NXTHVN
- Founders: Titus Kaphar and Jason Price
- Location: 169 Henry Street New Haven, CT 06511
- Website: https://www.nxthvn.com

= NXTHVN =

NXTHVN (pronounced "Next Haven") is a nonprofit arts organization located at 169 Henry Street in the Dixwell neighborhood of New Haven, Connecticut. Founded in 2018 by artist Titus Kaphar and private equity professional Jason Price, NXTHVN provides mentorship and resources for emerging artists and curators.
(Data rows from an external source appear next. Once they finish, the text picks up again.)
(* Let $M\ge2$, $\kappa>0$ and $0<p_1<p_2<\cdots<p_M$. For $i=1,\dots,M$ define $\eta_i(c)=c\log p_i-\log(1+\kappa p_i^{-1})$ for $c\in\mathbb R$, and for $i\neq j$ let $$c_{i,j}=\frac{\log(1+\kappa p_i^{-1})-\log(1+\kappa p_j^{-1})}{\log p_i-\log p_j},$$ so that $\eta_i(c_{i,j})=\eta_j(c_{i,j})$. For $i<j$ let $\sigma_{i,j}=|\{l:\ \eta_l(c_{i,j})<\eta_i(c_{i,j})=\eta_j(c_{i,j})\}|$ and $I(s)=\{(i,j):1\le i<j\le M,\ \sigma_{i,j}=s\}$. Then for every $0\le s\le M-2$, $$I(s)=\{(i,\,M-s+i-1):\ i=1,\dots,s+1\}.$$ *)

theory Defs
  imports Complex_Main
begin

definition eta :: "real \<Rightarrow> (nat \<Rightarrow> real) \<Rightarrow> nat \<Rightarrow> real \<Rightarrow> real" where
  "eta \<kappa> p i c = c * ln (p i) - ln (1 + \<kappa> * inverse (p i))"

definition crit :: "real \<Rightarrow> (nat \<Rightarrow> real) \<Rightarrow> nat \<Rightarrow> nat \<Rightarrow> real" where
  "crit \<kappa> p i j =
     (ln (1 + \<kappa> * inverse (p i)) - ln (1 + \<kappa> * inverse (p j))) / (ln (p i) - ln (p j))"

definition sigma :: "nat \<Rightarrow> real \<Rightarrow> (nat \<Rightarrow> real) \<Rightarrow> nat \<Rightarrow> nat \<Rightarrow> nat" where
  "sigma M \<kappa> p i j =
     card {l \<in> {1..M}. eta \<kappa> p l (crit \<kappa> p i j) < eta \<kappa> p i (crit \<kappa> p i j)}"

definition Iset :: "nat \<Rightarrow> real \<Rightarrow> (nat \<Rightarrow> real) \<Rightarrow> nat \<Rightarrow> (nat \<times> nat) set" where
  "Iset M \<kappa> p s = {(i, j). 1 \<le> i \<and> i < j \<and> j \<le> M \<and> sigma M \<kappa> p i j = s}"

end

theory Submission
  imports Defs
begin

text \<open>With \<open>x\<^sub>l = ln p\<^sub>l\<close> and \<open>F x = ln (1 + \<kappa> exp (-x))\<close> we have \<open>\<eta>\<^sub>l c = c x\<^sub>l - F x\<^sub>l\<close>,
  and \<open>c\<^sub>i\<^sub>j\<close> is the slope of the secant of \<open>F\<close> through \<open>x\<^sub>i\<close> and \<open>x\<^sub>j\<close>. Thus
  \<open>\<eta>\<^sub>l(c\<^sub>i\<^sub>j) < \<eta>\<^sub>i(c\<^sub>i\<^sub>j)\<close> says that \<open>F\<close> lies strictly above this secant at \<open>x\<^sub>l\<close>.
  As \<open>F' x = -\<kappa> / (exp x + \<kappa>)\<close> is strictly increasing, \<open>F\<close> is strictly convex, so this
  happens exactly when \<open>x\<^sub>l\<close> lies outside \<open>[x\<^sub>i, x\<^sub>j]\<close>, i.e. when \<open>l < i\<close> or \<open>l > j\<close>.
  Hence \<open>\<sigma>\<^sub>i\<^sub>j = (i - 1) + (M - j)\<close>, which equals \<open>s\<close> exactly when \<open>j = M - s + i - 1\<close>.\<close>

lemma secant_slopes_increasing:
  fixes f f' :: "real \<Rightarrow> real"
  assumes deriv: "\<And>x. (f has_real_derivative f' x) (at x)" and "strict_mono f'"
    and "a < b" "b < c"
  shows "(f b - f a) / (b - a) < (f c - f b) / (c - b)"
proof -
  obtain y where y: "a < y" "y < b" "f b - f a = (b - a) * f' y"
    using MVT2[OF \<open>a < b\<close> deriv] by blast
  obtain z where z: "b < z" "z < c" "f c - f b = (c - b) * f' z"
    using MVT2[OF \<open>b < c\<close> deriv] by blast
  have "f' y < f' z"
    using \<open>strict_mono f'\<close> y z by (simp add: strict_mono_less)
  then show ?thesis
    using y z by simp
qed

lemma above_secant_iff_outside:
  fixes f :: "real \<Rightarrow> real"
  assumes slopes: "\<And>u v w. u < v \<Longrightarrow> v < w \<Longrightarrow>
      (f v - f u) / (v - u) < (f w - f v) / (w - v)"
    and "a < b"
  shows "f a + (f b - f a) / (b - a) * (x - a) < f x \<longleftrightarrow> x < a \<or> b < x"
proof -
  define C where "C = (f b - f a) / (b - a)"
  have fb: "f b = f a + C * (b - a)"
    using \<open>a < b\<close> by (simp add: C_def)
  consider "x < a" | "x = a" | "a < x" "x < b" | "x = b" | "b < x"
    by linarith
  then show ?thesis
  proof cases
    case 1
    then have "(f a - f x) / (a - x) < C"
      using slopes[OF 1 \<open>a < b\<close>] by (simp add: C_def)
    then show ?thesis
      using 1 by (simp add: C_def [symmetric] pos_divide_less_eq algebra_simps)
  next
    case 3
    have "f x < f a + C * (x - a)"
    proof (rule ccontr)
      assume "\<not> ?thesis"
      then have "C \<le> (f x - f a) / (x - a)" and "(f b - f x) / (b - x) \<le> C"
        using 3 fb by (simp_all add: pos_le_divide_eq pos_divide_le_eq algebra_simps)
      then show False
        using slopes[OF 3] by linarith
    qed
    then show ?thesis
      using 3 by (simp add: C_def [symmetric])
  next
    case 5
    then have "C < (f x - f b) / (x - b)"
      using slopes[OF \<open>a < b\<close> 5] by (simp add: C_def)
    then show ?thesis
      using 5 fb by (simp add: C_def [symmetric] less_divide_eq algebra_simps)
  qed (use fb \<open>a < b\<close> in \<open>simp_all add: C_def [symmetric]\<close>)
qed

lemma strict_mono_on_atLeastAtMost_if_Suc:
  fixes f :: "nat \<Rightarrow> 'a::order"
  assumes "\<And>i. m \<le> i \<Longrightarrow> i < n \<Longrightarrow> f i < f (Suc i)"
  shows "strict_mono_on {m..n} f"
proof (rule strict_mono_onI)
  fix i j
  assume "i \<in> {m..n}" "j \<in> {m..n}" "i < j"
  then show "f i < f j"
    using lift_Suc_mono_less_ivl [of "{m..<n}" f i j] assms by auto
qed

definition ln1p_exp_neg :: "real \<Rightarrow> real \<Rightarrow> real" where
  "ln1p_exp_neg \<kappa> x = ln (1 + \<kappa> * exp (- x))"

lemma ln1p_exp_neg_ln:
  assumes "x > 0"
  shows "ln1p_exp_neg \<kappa> (ln x) = ln (1 + \<kappa> * inverse x)"
  using assms by (simp add: ln1p_exp_neg_def exp_minus)

lemma has_real_derivative_ln1p_exp_neg:
  assumes "\<kappa> > 0"
  shows "(ln1p_exp_neg \<kappa> has_real_derivative - \<kappa> / (exp x + \<kappa>)) (at x)"
proof -
  have pos: "1 + \<kappa> * exp (- x) > 0"
    using assms by (simp add: add_pos_pos)
  have "((\<lambda>x. ln (1 + \<kappa> * exp (- x))) has_real_derivative
      \<kappa> * (exp (- x) * - 1) / (1 + \<kappa> * exp (- x))) (at x)"
    by (rule derivative_eq_intros refl | use pos in simp)+
  moreover have "\<kappa> * (exp (- x) * - 1) / (1 + \<kappa> * exp (- x)) = - \<kappa> / (exp x + \<kappa>)"
    using pos by (simp add: exp_minus field_simps)
  ultimately show ?thesis
    unfolding ln1p_exp_neg_def by simp
qed

lemma ln1p_exp_neg_secant_slopes_increasing:
  assumes "\<kappa> > 0" and "a < b" "b < c"
  shows "(ln1p_exp_neg \<kappa> b - ln1p_exp_neg \<kappa> a) / (b - a)
    < (ln1p_exp_neg \<kappa> c - ln1p_exp_neg \<kappa> b) / (c - b)"
proof (rule secant_slopes_increasing)
  show "(ln1p_exp_neg \<kappa> has_real_derivative - \<kappa> / (exp x + \<kappa>)) (at x)" for x
    using \<open>\<kappa> > 0\<close> by (rule has_real_derivative_ln1p_exp_neg)
  show "strict_mono (\<lambda>x. - \<kappa> / (exp x + \<kappa>))"
    using \<open>\<kappa> > 0\<close> by (intro strict_monoI) (simp add: frac_less2 add_pos_pos)
qed fact+

lemma eta_eq_ln1p_exp_neg:
  assumes "p l > 0"
  shows "eta \<kappa> p l c = c * ln (p l) - ln1p_exp_neg \<kappa> (ln (p l))"
  using assms by (simp add: eta_def ln1p_exp_neg_ln)

lemma crit_eq_ln1p_exp_neg_secant_slope:
  assumes "p i > 0" "p j > 0"
  shows "crit \<kappa> p i j = (ln1p_exp_neg \<kappa> (ln (p j)) - ln1p_exp_neg \<kappa> (ln (p i)))
    / (ln (p j) - ln (p i))"
  using assms minus_divide_divide [of "ln1p_exp_neg \<kappa> (ln (p i)) - ln1p_exp_neg \<kappa> (ln (p j))"
      "ln (p i) - ln (p j)"]
  by (simp add: crit_def ln1p_exp_neg_ln)

lemma eta_less_at_crit_iff:
  assumes "\<kappa> > 0" and "0 < p i" "p i < p j" "0 < p l"
  shows "eta \<kappa> p l (crit \<kappa> p i j) < eta \<kappa> p i (crit \<kappa> p i j) \<longleftrightarrow> p l < p i \<or> p j < p l"
proof -
  let ?F = "ln1p_exp_neg \<kappa>"
  define c where "c = crit \<kappa> p i j"
  have "p j > 0"
    using assms by linarith
  have "eta \<kappa> p l c < eta \<kappa> p i c \<longleftrightarrow> ?F (ln (p i)) + c * (ln (p l) - ln (p i)) < ?F (ln (p l))"
    using assms by (auto simp: eta_eq_ln1p_exp_neg right_diff_distrib)
  also have "\<dots> \<longleftrightarrow> ln (p l) < ln (p i) \<or> ln (p j) < ln (p l)"
    unfolding c_def crit_eq_ln1p_exp_neg_secant_slope [OF \<open>p i > 0\<close> \<open>p j > 0\<close>]
    using assms by (intro above_secant_iff_outside ln1p_exp_neg_secant_slopes_increasing) simp_all
  also have "\<dots> \<longleftrightarrow> p l < p i \<or> p j < p l"
    using assms \<open>p j > 0\<close> by simp
  finally show ?thesis
    unfolding c_def .
qed

lemma sigma_eq:
  assumes "\<kappa> > 0" and mono: "strict_mono_on {1..M} p" and "p 1 > 0"
    and "1 \<le> i" "i < j" "j \<le> M"
  shows "sigma M \<kappa> p i j = (i - 1) + (M - j)"
proof -
  have pos: "\<forall>l \<in> {1..M}. p l > 0"
    using strict_mono_on_less_eq [OF mono] \<open>p 1 > 0\<close> by (auto intro: less_le_trans)
  have "p i > 0" "p i < p j"
    using pos strict_mono_onD [OF mono] assms(4-6) by auto
  then have "{l \<in> {1..M}. eta \<kappa> p l (crit \<kappa> p i j) < eta \<kappa> p i (crit \<kappa> p i j)}
      = {l \<in> {1..M}. p l < p i \<or> p j < p l}"
    using pos eta_less_at_crit_iff [OF \<open>\<kappa> > 0\<close>] by auto
  also have "\<dots> = {1..<i} \<union> {j<..M}"
    using assms(4-6) by (auto simp: strict_mono_on_less [OF mono])
  finally have "sigma M \<kappa> p i j = card ({1..<i} \<union> {j<..M})"
    by (simp add: sigma_def)
  also have "\<dots> = (i - 1) + (M - j)"
    by (subst card_Un_disjoint) (use assms(4-6) in auto)
  finally show ?thesis .
qed

theorem lemma4:
  fixes M :: nat and \<kappa> :: real and p :: "nat \<Rightarrow> real" and s :: nat
  assumes "M \<ge> 2" and "\<kappa> > 0"
    and "p 1 > 0"
    and "\<And>i. 1 \<le> i \<Longrightarrow> i < M \<Longrightarrow> p i < p (i + 1)"
    and "s \<le> M - 2"
  shows "Iset M \<kappa> p s = {(i, M - s + i - 1) | i. 1 \<le> i \<and> i \<le> s + 1}"
proof -
  have mono: "strict_mono_on {1..M} p"
    using assms(4) by (intro strict_mono_on_atLeastAtMost_if_Suc) simp
  have "Iset M \<kappa> p s = {(i, j). 1 \<le> i \<and> i < j \<and> j \<le> M \<and> (i - 1) + (M - j) = s}"
    unfolding Iset_def using sigma_eq [OF assms(2) mono assms(3)] by auto
  also have "\<dots> = {(i, M - s + i - 1) | i. 1 \<le> i \<and> i \<le> s + 1}"
    using assms(1,5) by auto
  finally show ?thesis .
qed

end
The 40,000-square-foot facility, housed in two repurposed factory buildings, contains 19 artist studios, a gallery, co-working spaces, and a planned black box theater. NXTHVN organizes public exhibitions, events, and a paid apprenticeship program for New Haven high school students.

== History ==
NXTHVN was established to provide mentorship and career support for early-career artists and curators, particularly artists of color, addressing gaps in traditional art education. Titus Kaphar, a Yale School of Art graduate and 2018 MacArthur Fellow, aimed to create a space that combines artistic development with community revitalization. Kaphar, known for paintings that critique historical narratives, partnered with Jason Price, a financial consultant with expertise in business strategy, to develop NXTHVN's innovative model. Jonathan Brand, a Canadian artist, was also a co-founder, though Kaphar and Price are the primary leaders.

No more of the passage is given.